lemma work_nonneg: "0 \<le> work y"
  unfolding work_def weighted_def using inv_r_pos by (intro sum_nonneg) (auto simp: less_imp_le)

lemma work_idle: "work idle = 0"
  by (simp add: work_def weighted_def)

lemma work_arrive: "u \<in> {1..n} \<Longrightarrow> work (arrive u y) = work y + inv_r u"
  unfolding work_def by (rule weighted_arrive)

lemma work_depart: "u \<in> {1..n} \<Longrightarrow> 1 \<le> y u \<Longrightarrow> work (depart u y) = work y - inv_r u"
  unfolding work_def by (rule weighted_depart)

lemma work_nbhd_le: "z \<in> nbhd y \<Longrightarrow> work z \<le> work y + inv_r_sum"
proof (erule nbhdE)
  fix u assume "u \<in> {1..n}" "z = arrive u y"
  then show ?thesis
    using inv_r_le_sum by (simp add: work_arrive)
next
  fix u assume "u \<in> {1..n}" "1 \<le> y u" "z = depart u y"
  then show ?thesis
    using inv_r_pos[of u] inv_r_sum_nonneg by (simp add: work_depart)
qed

lemma count_le_work: "w \<in> {1..n} \<Longrightarrow> real (y w) \<le> r w * work y"
proof -
  assume w: "w \<in> {1..n}"
  have "inv_r w * real (y w) \<le> work y"
    unfolding work_def weighted_def using w inv_r_pos
    by (intro member_le_sum[where f="\<lambda>u. inv_r u * real (y u)"]) (auto simp: less_imp_le)
  then have "r w * (inv_r w * real (y w)) \<le> r w * work y"
    using r_nonneg[OF w] by (rule mult_left_mono)
  then show ?thesis
    using r_inv_r[OF w] by (simp add: mult.assoc[symmetric])
qed

lemma tail_work_eq_0:
  assumes "y \<in> states n" "\<not> (y \<noteq> idle \<and> v \<le> top_beam n y)"
  shows "tail_work v y = 0"
  unfolding tail_work_def weighted_def
proof (intro sum.neutral ballI)
  fix u assume u: "u \<in> {1..n}"
  show "(if v \<le> u then inv_r u else 0) * real (y u) = 0"
  proof (cases "v \<le> u \<and> y \<noteq> idle")
    case True
    then have "y u = 0"
      using assms u top_beamD(3)[OF assms(1)] by auto
    then show ?thesis
      by simp
  qed auto
qed

lemma gen_work: "y \<in> states n \<Longrightarrow> gen work y = load - (if y = idle then 0 else 1)"
  using gen_weighted[of y id inv_r] r_inv_r top_beamD[of y n]
  by (auto simp: work_def load_def)

lemma gen_tail_work_sq:
  assumes y: "y \<in> states n" and v: "v \<in> {1..n}"
  shows "gen (\<lambda>z. tail_work v z ^ 2) y = 2 * tail_work v y * (tail_load v - 1) + tail_load2 v
      + (if y \<noteq> idle \<and> v \<le> top_beam n y then inv_r (top_beam n y) else 0)"
proof -
  define t where "t = top_beam n y"
  define a where "a u = (if v \<le> u then inv_r u else 0)" for u
  have arrivals: "(\<Sum>u\<in>{1..n}. lam u * ((tail_work v y + a u)^2 - (tail_work v y)^2))
      = 2 * tail_work v y * tail_load v + tail_load2 v"
  proof -
    have "(\<Sum>u\<in>{1..n}. lam u * ((tail_work v y + a u)^2 - (tail_work v y)^2))
        = (\<Sum>u\<in>{1..n}. if u \<in> {v..n} then 2 * tail_work v y * (lam u * inv_r u) + lam u * inv_r u ^ 2 else 0)"
      by (intro sum.cong) (auto simp: a_def power2_eq_square algebra_simps)
    also have "\<dots> = (\<Sum>u\<in>{v..n}. 2 * tail_work v y * (lam u * inv_r u) + lam u * inv_r u ^ 2)"
      using v by (subst sum.inter_restrict[symmetric]) (auto intro: sum.cong)
    finally show ?thesis
      by (simp add: tail_load_def tail_load2_def sum.distrib sum_distrib_left)
  qed
  have service: "(if y = idle then 0 else r t * ((tail_work v y - a t)^2 - (tail_work v y)^2))
      = (if y \<noteq> idle \<and> v \<le> t then inv_r t else 0) - 2 * tail_work v y"
  proof (cases "y \<noteq> idle \<and> v \<le> t")
    case True
    then have "t \<in> {1..n}"
      using top_beamD[OF y] t_def by auto
    moreover have "r t * ((tail_work v y - a t)^2 - (tail_work v y)^2) = (r t * inv_r t) * (inv_r t - 2 * tail_work v y)"
      using True by (simp add: a_def power2_eq_square algebra_simps)
    ultimately show ?thesis
      using True r_inv_r by simp
  next
    case False
    then show ?thesis
      using tail_work_eq_0[OF y] t_def by (auto simp: a_def)
  qed
  have "tail_work v = weighted a n"
    by (simp add: tail_work_def a_def[abs_def])
  then have "gen (\<lambda>z. tail_work v z ^ 2) y =
      (\<Sum>u\<in>{1..n}. lam u * ((tail_work v y + a u)^2 - (tail_work v y)^2))
    + (if y = idle then 0 else r t * ((tail_work v y - a t)^2 - (tail_work v y)^2))"
    using gen_weighted[OF y, where \<phi>="\<lambda>t. t^2" and a=a] unfolding t_def by simp
  then show ?thesis
    unfolding arrivals service by (simp add: t_def algebra_simps)
qed

lemma gen_work_sq_le:
  assumes y: "y \<in> states n"
  shows "gen (\<lambda>z. work z ^ 2) y \<le> inv_r_sum + load2 - 2 * (1 - load) * work y"
proof -
  have "gen (\<lambda>z. work z ^ 2) y = 2 * work y * (load - 1) + load2
      + (if y \<noteq> idle \<and> 1 \<le> top_beam n y then inv_r (top_beam n y) else 0)"
    using gen_tail_work_sq[OF y, of 1] n_pos unfolding tail_work_1 tail_load_1 tail_load2_1 by simp
  moreover have "(if y \<noteq> idle \<and> 1 \<le> top_beam n y then inv_r (top_beam n y) else 0) \<le> inv_r_sum"
    using inv_r_le_sum top_beamD[OF y] inv_r_sum_nonneg by auto
  ultimately show ?thesis
    by (simp add: algebra_simps)
qed

lemma gen_work_cube_le:
  assumes y: "y \<in> states n"
  shows "gen (\<lambda>z. work z ^ 3) y \<le> load3 + 3 * (inv_r_sum + load2) * work y - 3 * (1 - load) * work y ^ 2"
proof -
  define t where "t = top_beam n y"
  have gen: "gen (\<lambda>z. work z ^ 3) y =
      (\<Sum>u\<in>{1..n}. lam u * ((work y + inv_r u)^3 - work y ^ 3))
    + (if y = idle then 0 else r t * ((work y - inv_r t)^3 - work y ^ 3))"
    using gen_weighted[OF y, where \<phi>="\<lambda>t. t^3" and a=inv_r] unfolding work_def t_def by simp
  have "(\<Sum>u\<in>{1..n}. lam u * ((work y + inv_r u)^3 - work y ^ 3))
      = (\<Sum>u\<in>{1..n}. 3 * work y ^ 2 * (lam u * inv_r u) + 3 * work y * (lam u * inv_r u ^ 2) + lam u * inv_r u ^ 3)"
    by (intro sum.cong refl) (simp add: power2_eq_square power3_eq_cube algebra_simps)
  also have "\<dots> = 3 * work y ^ 2 * load + 3 * work y * load2 + load3"
    unfolding load_def load2_def load3_def by (simp add: sum.distrib sum_distrib_left)
  finally have arrivals: "(\<Sum>u\<in>{1..n}. lam u * ((work y + inv_r u)^3 - work y ^ 3))
      = 3 * work y ^ 2 * load + 3 * work y * load2 + load3" .
  have service: "r t * ((work y - inv_r t)^3 - work y ^ 3) \<le> - 3 * work y ^ 2 + 3 * work y * inv_r_sum"
    if "y \<noteq> idle"
  proof -
    have t: "t \<in> {1..n}"
      using top_beamD[OF y that] t_def by auto
    have "r t * ((work y - inv_r t)^3 - work y ^ 3)
        = (r t * inv_r t) * (- 3 * work y ^ 2 + 3 * work y * inv_r t - inv_r t ^ 2)"
      by (simp add: power2_eq_square power3_eq_cube algebra_simps)
    also have "\<dots> = - 3 * work y ^ 2 + 3 * work y * inv_r t - inv_r t ^ 2"
      using r_inv_r[OF t] by simp
    also have "\<dots> \<le> - 3 * work y ^ 2 + 3 * work y * inv_r_sum"
      using mult_left_mono[OF inv_r_le_sum[OF t], of "3 * work y"] work_nonneg[of y]
        zero_le_power2[of "inv_r t"] by linarith
    finally show ?thesis .
  qed
  show ?thesis
  proof (cases "y = idle")
    case True
    then show ?thesis
      using gen arrivals by (simp add: work_idle)
  next
    case False
    then show ?thesis
      using gen arrivals service by (simp add: algebra_simps)
  qed
qed

lemma gen_truncated_le:
  assumes \<psi>: "mono_on {0..} \<psi>" and M: "0 \<le> M"
  shows "gen (\<lambda>z. \<psi> (min (work z) M)) y \<le> (if work y < M then gen (\<lambda>z. \<psi> (work z)) y else 0)"
proof (cases "work y < M")
  case True
  have "\<psi> (min (work z) M) \<le> \<psi> (work z)" for z
    using work_nonneg[of z] M by (intro mono_onD[OF \<psi>]) auto
  then have "gen (\<lambda>z. \<psi> (min (work z) M)) y \<le> gen (\<lambda>z. \<psi> (work z)) y"
    using True by (intro gen_mono_increments) simp
  then show ?thesis
    using True by simp
next
  case False
  have "\<psi> (min (work z) M) \<le> \<psi> (min (work y) M)" for z
    using work_nonneg[of z] M False by (intro mono_onD[OF \<psi>]) auto
  then show ?thesis
    using False by (simp add: gen_nonpos)
qed

lemma gen_truncated_power_le:
  assumes M: "0 \<le> M" and drift: "gen (\<lambda>z. work z ^ Suc p) y \<le> a y - c * work y ^ p"
  shows "gen (\<lambda>z. min (work z) M ^ Suc p) y \<le> (if work y < M then a y - c * work y ^ p else 0)"
proof -
  have "mono_on {0..} (\<lambda>t::real. t ^ Suc p)"
    by (intro mono_onI power_mono) auto
  from gen_truncated_le[OF this M]
  have le: "gen (\<lambda>z. min (work z) M ^ Suc p) y \<le> (if work y < M then gen (\<lambda>z. work z ^ Suc p) y else 0)" .
  show ?thesis
  proof (cases "work y < M")
    case True
    then have "gen (\<lambda>z. min (work z) M ^ Suc p) y \<le> gen (\<lambda>z. work z ^ Suc p) y"
      using le by simp
    also have "\<dots> \<le> a y - c * work y ^ p"
      by (rule drift)
    finally show ?thesis
      using True by simp
  next
    case False
    then show ?thesis
      using le by simp
  qed
qed

text \<open>The truncated test function \<open>min (work z) M ^ Suc p\<close> is bounded, so its generator has
  stationary mean zero; letting \<open>M\<close> grow transfers the drift bound to the moment of order \<open>p\<close>.\<close>
lemma stationary_truncated_work_moment:
  assumes st: "stationary n lam r \<pi>" and c: "0 < c" and M: "0 \<le> M"
    and drift: "\<And>y. y \<in> states n \<Longrightarrow> gen (\<lambda>z. work z ^ Suc p) y \<le> a y - c * work y ^ p"
    and a_nonneg: "\<And>y. 0 \<le> a y" and a_sum: "((\<lambda>y. \<pi> y * a y) has_sum A) (states n)"
  defines "T \<equiv> \<lambda>y. if work y < M then \<pi> y * work y ^ p else 0"
  shows "T summable_on states n \<and> infsum T (states n) \<le> A / c"
proof -
  let ?I = "\<lambda>y. if work y < M then \<pi> y * a y else 0"
  note \<pi>_nonneg = stationary_nonneg[OF st]
  have \<pi>_summable: "\<pi> summable_on states n"
    using stationary_has_sum[OF st] by (rule has_sum_imp_summable)
  have bound: "\<bar>min (work z) M ^ Suc p\<bar> \<le> M ^ Suc p" for z
  proof -
    have "0 \<le> min (work z) M" "min (work z) M \<le> M"
      using work_nonneg[of z] M by auto
    then show ?thesis
      by (metis abs_of_nonneg power_mono zero_le_power)
  qed
  have zero: "((\<lambda>y. \<pi> y * gen (\<lambda>z. min (work z) M ^ Suc p) y) has_sum 0) (states n)"
    using bound by (intro stationary_has_sum_gen[OF st summable_on_cmult_left[OF \<pi>_summable]])
  have pointwise: "\<pi> y * gen (\<lambda>z. min (work z) M ^ Suc p) y \<le> ?I y - c * T y" if y: "y \<in> states n" for y
  proof -
    have "\<pi> y * gen (\<lambda>z. min (work z) M ^ Suc p) y \<le> \<pi> y * (if work y < M then a y - c * work y ^ p else 0)"
      by (rule mult_left_mono[OF gen_truncated_power_le[where a=a and c=c, OF M drift[OF y]] \<pi>_nonneg])
    also have "\<dots> = ?I y - c * T y"
      by (simp add: T_def algebra_simps)
    finally show ?thesis .
  qed
  have T: "T summable_on states n"
  proof (rule summable_on_real_bound[OF summable_on_cmult_left[OF \<pi>_summable, of "M ^ p"]])
    fix y
    have "work y ^ p \<le> M ^ p" if "work y < M"
      using that work_nonneg[of y] by (intro power_mono) auto
    then show "\<bar>T y\<bar> \<le> \<pi> y * M ^ p"
      using \<pi>_nonneg[of y] work_nonneg[of y] M by (simp add: T_def abs_mult mult_left_mono)
  qed
  have I: "?I summable_on states n"
    using \<pi>_nonneg a_nonneg
    by (intro summable_on_real_bound[OF has_sum_imp_summable[OF a_sum]]) auto
  have "0 \<le> infsum ?I (states n) - c * infsum T (states n)"
    using has_sum_mono[OF zero has_sum_diff[OF has_sum_infsum[OF I] has_sum_cmult_right[OF has_sum_infsum[OF T]]]]
      pointwise by blast
  moreover have "infsum ?I (states n) \<le> A"
    using infsum_mono[OF I has_sum_imp_summable[OF a_sum]] \<pi>_nonneg a_nonneg infsumI[OF a_sum]
    by (simp add: mult_nonneg_nonneg)
  ultimately show ?thesis
    using T c by (simp add: field_simps)
qed

lemma stationary_work_moment:
  assumes st: "stationary n lam r \<pi>" and c: "0 < c"
    and drift: "\<And>y. y \<in> states n \<Longrightarrow> gen (\<lambda>z. work z ^ Suc p) y \<le> a y - c * work y ^ p"
    and a_nonneg: "\<And>y. 0 \<le> a y" and a_sum: "((\<lambda>y. \<pi> y * a y) has_sum A) (states n)"
  shows "(\<lambda>y. \<pi> y * work y ^ p) summable_on states n"
    "infsum (\<lambda>y. \<pi> y * work y ^ p) (states n) \<le> A / c"
  using summable_on_by_truncation[where w=work, OF _ stationary_truncated_work_moment[OF st c _ drift a_nonneg a_sum]]
    stationary_nonneg[OF st] work_nonneg by auto

definition work_bound :: real where
  "work_bound = (inv_r_sum + load2) / (2 * (1 - load))"

lemma work_bound_nonneg: "load < 1 \<Longrightarrow> 0 \<le> work_bound"
  unfolding work_bound_def using inv_r_sum_nonneg load2_nonneg by simp

lemma stationary_mean_work:
  assumes st: "stationary n lam r \<pi>" and load: "load < 1"
  shows "(\<lambda>y. \<pi> y * work y) summable_on states n" "infsum (\<lambda>y. \<pi> y * work y) (states n) \<le> work_bound"
proof -
  have drift: "gen (\<lambda>z. work z ^ Suc 1) y \<le> (inv_r_sum + load2) - 2 * (1 - load) * work y ^ 1"
    if "y \<in> states n" for y
    using gen_work_sq_le[OF that] by (simp only: Suc_1 power_one_right)
  have "((\<lambda>y. \<pi> y * (inv_r_sum + load2)) has_sum (inv_r_sum + load2)) (states n)"
    using has_sum_cmult_left[OF stationary_has_sum[OF st]] by simp
  note moment = stationary_work_moment[OF st _ drift _ this]
  show "(\<lambda>y. \<pi> y * work y) summable_on states n" "infsum (\<lambda>y. \<pi> y * work y) (states n) \<le> work_bound"
    using moment load inv_r_sum_nonneg load2_nonneg by (simp_all add: work_bound_def)
qed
········
● REQUIREMENT: Out of the material above, output word for word the line with "y * (inv_r_sum", the line with "note moment = stationary_work_moment[OF", and all lines between them, with nothing else.

● ANSWER TO THIS TASK:
  have "((\<lambda>y. \<pi> y * (inv_r_sum + load2)) has_sum (inv_r_sum + load2)) (states n)"
    using has_sum_cmult_left[OF stationary_has_sum[OF st]] by simp
  note moment = stationary_work_moment[OF st _ drift _ this]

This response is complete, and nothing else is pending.